(* Consider the MTGC algorithm described in the context. Suppose (A1) and (A2) hold and $\gamma\le\frac1{8HL}$. Then for every global round $t$, $$Q_t\le24\gamma^2H^2L^2D_t+12\gamma^2H^2\sum_{e=0}^{E-1}\frac1N\sum_{j=1}^NZ_j^{t,e}+12\gamma^2H^2\sum_{e=0}^{E-1}\frac1N\sum_{j=1}^NY_j^{t,e}+24\gamma^2H^2\sum_{e=0}^{E-1}\mathbb E\|\nabla f(\hat{\boldsymbol x}^{t,e})\|^2+3EH\gamma^2\sigma^2.$$
   Context: Setting: $N$ groups; group $j$ has a set $\mathcal C_j$ of $n_j\ge1$ clients, sets pairwise disjoint. Client $i$ has distribution $\mathcal D_i$, stochastic loss $F_i(\boldsymbol x,\xi)$, $F_i(\boldsymbol x)=\mathbb E_{\xi\sim\mathcal D_i}F_i(\boldsymbol x,\xi)$; $f_j=\frac1{n_j}\sum_{i\in\mathcal C_j}F_i$, $f=\frac1N\sum_jf_j$. For client $i$, $j$ denotes its group. (A1): $\|\nabla F_i(\boldsymbol x)-\nabla F_i(\boldsymbol y)\|\le L\|\boldsymbol x-\boldsymbol y\|$ for all $\boldsymbol x,\boldsymbol y,i$. (A2): $\mathbb E_{\xi\sim\mathcal D_i}\nabla F_i(\boldsymbol x,\xi)=\nabla F_i(\boldsymbol x)$ and $\mathbb E_{\xi\sim\mathcal D_i}\|\nabla F_i(\boldsymbol x,\xi)-\nabla F_i(\boldsymbol x)\|^2\le\sigma^2$ for all $\boldsymbol x,i$. MTGC: initial $\bar{\boldsymbol x}^0$, integers $E,H\ge1$, $\gamma>0$; samples $\xi_{i,h}^{t,e}\sim\mathcal D_i$ fresh and independent of the past. $\boldsymbol y_j^0=-\frac1{n_j}\sum_{i\in\mathcal C_j}\nabla F_i(\bar{\boldsymbol x}^0,\xi_{i,0}^{0,0})+\frac1N\sum_{j'}\frac1{n_{j'}}\sum_{i\in\mathcal C_{j'}}\nabla F_i(\bar{\boldsymbol x}^0,\xi_{i,0}^{0,0})$. For each $t\ge0$: $\bar{\boldsymbol x}_j^{t,0}=\bar{\boldsymbol x}^t$; $\boldsymbol z_i^{t,0}=-\nabla F_i(\bar{\boldsymbol x}^t,\xi_{i,0}^{t,0})+\frac1{n_j}\sum_{i'\in\mathcal C_j}\nabla F_{i'}(\bar{\boldsymbol x}^t,\xi_{i',0}^{t,0})$; for $e=0,\dots,E-1$: $\boldsymbol x_{i,0}^{t,e}=\bar{\boldsymbol x}_j^{t,e}$, $\boldsymbol x_{i,h+1}^{t,e}=\boldsymbol x_{i,h}^{t,e}-\gamma(\nabla F_i(\boldsymbol x_{i,h}^{t,e},\xi_{i,h}^{t,e})+\boldsymbol z_i^{t,e}+\boldsymbol y_j^t)$ for $h=0,\dots,H-1$, $\bar{\boldsymbol x}_j^{t,e+1}=\frac1{n_j}\sum_{i\in\mathcal C_j}\boldsymbol x_{i,H}^{t,e}$, $\boldsymbol z_i^{t,e+1}=\boldsymbol z_i^{t,e}+\frac1{H\gamma}(\boldsymbol x_{i,H}^{t,e}-\bar{\boldsymbol x}_j^{t,e+1})$; then $\bar{\boldsymbol x}^{t+1}=\frac1N\sum_j\bar{\boldsymbol x}_j^{t,E}$, $\boldsymbol y_j^{t+1}=\boldsymbol y_j^t+\frac1{HE\gamma}(\bar{\boldsymbol x}_j^{t,E}-\bar{\boldsymbol x}^{t+1})$. $\mathbb E$ is over all randomness. Notation: $\hat{\boldsymbol x}^{t,e}=\frac1N\sum_j\bar{\boldsymbol x}_j^{t,e}$; $Z_j^{t,e}=\frac1{n_j}\sum_{i\in\mathcal C_j}\mathbb E\|\boldsymbol z_i^{t,e}+\nabla F_i(\bar{\boldsymbol x}_j^{t,e})-\nabla f_j(\bar{\boldsymbol x}_j^{t,e})\|^2$; $Y_j^{t,e}=\mathbb E\|\boldsymbol y_j^t+\nabla f_j(\hat{\boldsymbol x}^{t,e})-\nabla f(\hat{\boldsymbol x}^{t,e})\|^2$; $D_t=\sum_{e=0}^{E-1}\frac1N\sum_j\mathbb E\|\hat{\boldsymbol x}^{t,e}-\bar{\boldsymbol x}_j^{t,e}\|^2$; $Q_t=\sum_{e=0}^{E-1}\frac1{NH}\sum_j\frac1{n_j}\sum_{i\in\mathcal C_j}\sum_{h=0}^{H-1}\mathbb E\|\bar{\boldsymbol x}_j^{t,e}-\boldsymbol x_{i,h}^{t,e}\|^2$. *)

theory Defs
  imports "HOL-Probability.Probability"
begin

definition gavg :: "(nat \<Rightarrow> nat set) \<Rightarrow> nat \<Rightarrow> (nat \<Rightarrow> 'a::real_vector) \<Rightarrow> 'a" where
  "gavg C j v = (1 / real (card (C j))) *\<^sub>R (\<Sum>i\<in>C j. v i)"

definition gmean :: "nat \<Rightarrow> (nat \<Rightarrow> 'a::real_vector) \<Rightarrow> 'a" where
  "gmean N v = (1 / real N) *\<^sub>R (\<Sum>j<N. v j)"

definition grp :: "nat \<Rightarrow> (nat \<Rightarrow> nat set) \<Rightarrow> nat \<Rightarrow> nat" where
  "grp N C i = (THE j. j < N \<and> i \<in> C j)"

text \<open>A sample path s i t e h is the sample xi_{i,h}^{t,e}.
  G i x xi is the stochastic gradient of F_i at x with sample xi.\<close>

primrec local_iter ::
  "(nat \<Rightarrow> 'a::real_vector \<Rightarrow> 'b \<Rightarrow> 'a) \<Rightarrow> real \<Rightarrow> (nat \<Rightarrow> nat \<Rightarrow> nat \<Rightarrow> nat \<Rightarrow> 'b)
   \<Rightarrow> nat \<Rightarrow> nat \<Rightarrow> nat \<Rightarrow> 'a \<Rightarrow> 'a \<Rightarrow> 'a \<Rightarrow> nat \<Rightarrow> 'a" where
  "local_iter G \<gamma> s i t e x0 z y 0 = x0"
| "local_iter G \<gamma> s i t e x0 z y (Suc h) =
     (let x = local_iter G \<gamma> s i t e x0 z y h in x - \<gamma> *\<^sub>R (G i x (s i t e h) + z + y))"

text \<open>Within round t, starting from xbar^t = xt and y_j^t = y j: state after e group rounds,
  (group models xbar_j^{t,e}, client corrections z_i^{t,e}).\<close>
primrec mtgc_epoch ::
  "(nat \<Rightarrow> 'a::real_vector \<Rightarrow> 'b \<Rightarrow> 'a) \<Rightarrow> real \<Rightarrow> nat \<Rightarrow> nat \<Rightarrow> (nat \<Rightarrow> nat set)
   \<Rightarrow> (nat \<Rightarrow> nat \<Rightarrow> nat \<Rightarrow> nat \<Rightarrow> 'b) \<Rightarrow> nat \<Rightarrow> 'a \<Rightarrow> (nat \<Rightarrow> 'a) \<Rightarrow> nat
   \<Rightarrow> (nat \<Rightarrow> 'a) \<times> (nat \<Rightarrow> 'a)" where
  "mtgc_epoch G \<gamma> H N C s t xt y 0 =
     (\<lambda>j. xt,
      \<lambda>i. - G i xt (s i t 0 0) + gavg C (grp N C i) (\<lambda>i'. G i' xt (s i' t 0 0)))"
| "mtgc_epoch G \<gamma> H N C s t xt y (Suc e) =
     (let xb = fst (mtgc_epoch G \<gamma> H N C s t xt y e);
          z = snd (mtgc_epoch G \<gamma> H N C s t xt y e);
          xH = (\<lambda>i. local_iter G \<gamma> s i t e (xb (grp N C i)) (z i) (y (grp N C i)) H);
          xb' = (\<lambda>j. gavg C j xH)
      in (xb', \<lambda>i. z i + (1 / (real H * \<gamma>)) *\<^sub>R (xH i - xb' (grp N C i))))"

text \<open>Global state at round t: (xbar^t, y^t).\<close>
primrec mtgc_round ::
  "(nat \<Rightarrow> 'a::real_vector \<Rightarrow> 'b \<Rightarrow> 'a) \<Rightarrow> real \<Rightarrow> nat \<Rightarrow> nat \<Rightarrow> nat \<Rightarrow> (nat \<Rightarrow> nat set)
   \<Rightarrow> 'a \<Rightarrow> (nat \<Rightarrow> nat \<Rightarrow> nat \<Rightarrow> nat \<Rightarrow> 'b) \<Rightarrow> nat \<Rightarrow> 'a \<times> (nat \<Rightarrow> 'a)" where
  "mtgc_round G \<gamma> H E N C x0 s 0 =
     (x0, \<lambda>j. - gavg C j (\<lambda>i. G i x0 (s i 0 0 0))
              + gmean N (\<lambda>j'. gavg C j' (\<lambda>i. G i x0 (s i 0 0 0))))"
| "mtgc_round G \<gamma> H E N C x0 s (Suc t) =
     (let x = fst (mtgc_round G \<gamma> H E N C x0 s t);
          y = snd (mtgc_round G \<gamma> H E N C x0 s t);
          xbE = fst (mtgc_epoch G \<gamma> H N C s t x y E);
          x' = gmean N xbE
      in (x', \<lambda>j. y j + (1 / (real H * real E * \<gamma>)) *\<^sub>R (xbE j - x')))"

definition xbar where "xbar G \<gamma> H E N C x0 s t = fst (mtgc_round G \<gamma> H E N C x0 s t)"
definition yv where "yv G \<gamma> H E N C x0 s t j = snd (mtgc_round G \<gamma> H E N C x0 s t) j"
definition xbj where
  "xbj G \<gamma> H E N C x0 s t e j =
     fst (mtgc_epoch G \<gamma> H N C s t (xbar G \<gamma> H E N C x0 s t) (yv G \<gamma> H E N C x0 s t) e) j"
definition zv where
  "zv G \<gamma> H E N C x0 s t e i =
     snd (mtgc_epoch G \<gamma> H N C s t (xbar G \<gamma> H E N C x0 s t) (yv G \<gamma> H E N C x0 s t) e) i"
definition xloc where
  "xloc G \<gamma> H E N C x0 s t e i h =
     local_iter G \<gamma> s i t e (xbj G \<gamma> H E N C x0 s t e (grp N C i)) (zv G \<gamma> H E N C x0 s t e i)
       (yv G \<gamma> H E N C x0 s t (grp N C i)) h"
definition xhat where
  "xhat G \<gamma> H E N C x0 s t e = gmean N (\<lambda>j. xbj G \<gamma> H E N C x0 s t e j)"

definition Ex :: "'w measure \<Rightarrow> ('w \<Rightarrow> real) \<Rightarrow> ennreal" where
  "Ex M X = (\<integral>\<^sup>+ \<omega>. ennreal (X \<omega>) \<partial>M)"


definition path :: "(nat \<Rightarrow> nat \<Rightarrow> nat \<Rightarrow> nat \<Rightarrow> 'w \<Rightarrow> 'b) \<Rightarrow> 'w \<Rightarrow> nat \<Rightarrow> nat \<Rightarrow> nat \<Rightarrow> nat \<Rightarrow> 'b" where
  "path \<xi> \<omega> = (\<lambda>i t e h. \<xi> i t e h \<omega>)"

definition grad_fj where "grad_fj gradF C j x = gavg C j (\<lambda>i. gradF i x)"
definition grad_f where "grad_f gradF N C x = gmean N (\<lambda>j. grad_fj gradF C j x)"

definition Dt where
  "Dt M \<xi> G \<gamma> H E N C x0 t =
     (\<Sum>e<E. ennreal (1 / real N) * (\<Sum>j<N.
        Ex M (\<lambda>\<omega>. (norm (xhat G \<gamma> H E N C x0 (path \<xi> \<omega>) t e - xbj G \<gamma> H E N C x0 (path \<xi> \<omega>) t e j))\<^sup>2)))"

definition Qt where
  "Qt M \<xi> G \<gamma> H E N C x0 t =
     (\<Sum>e<E. ennreal (1 / (real N * real H)) * (\<Sum>j<N. ennreal (1 / real (card (C j))) *
        (\<Sum>i\<in>C j. \<Sum>h<H.
          Ex M (\<lambda>\<omega>. (norm (xbj G \<gamma> H E N C x0 (path \<xi> \<omega>) t e j - xloc G \<gamma> H E N C x0 (path \<xi> \<omega>) t e i h))\<^sup>2))))"

definition Zj where
  "Zj M \<xi> G gradF \<gamma> H E N C x0 t e j =
     ennreal (1 / real (card (C j))) * (\<Sum>i\<in>C j.
        Ex M (\<lambda>\<omega>. (norm (zv G \<gamma> H E N C x0 (path \<xi> \<omega>) t e i
                 + gradF i (xbj G \<gamma> H E N C x0 (path \<xi> \<omega>) t e j)
                 - grad_fj gradF C j (xbj G \<gamma> H E N C x0 (path \<xi> \<omega>) t e j)))\<^sup>2))"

====

__Exercise aim__: Copy all lines of the preceding data that hold the word "xhat".

__Exercise output__:
definition xhat where
  "xhat G \<gamma> H E N C x0 s t e = gmean N (\<lambda>j. xbj G \<gamma> H E N C x0 s t e j)"
        Ex M (\<lambda>\<omega>. (norm (xhat G \<gamma> H E N C x0 (path \<xi> \<omega>) t e - xbj G \<gamma> H E N C x0 (path \<xi> \<omega>) t e j))\<^sup>2)))"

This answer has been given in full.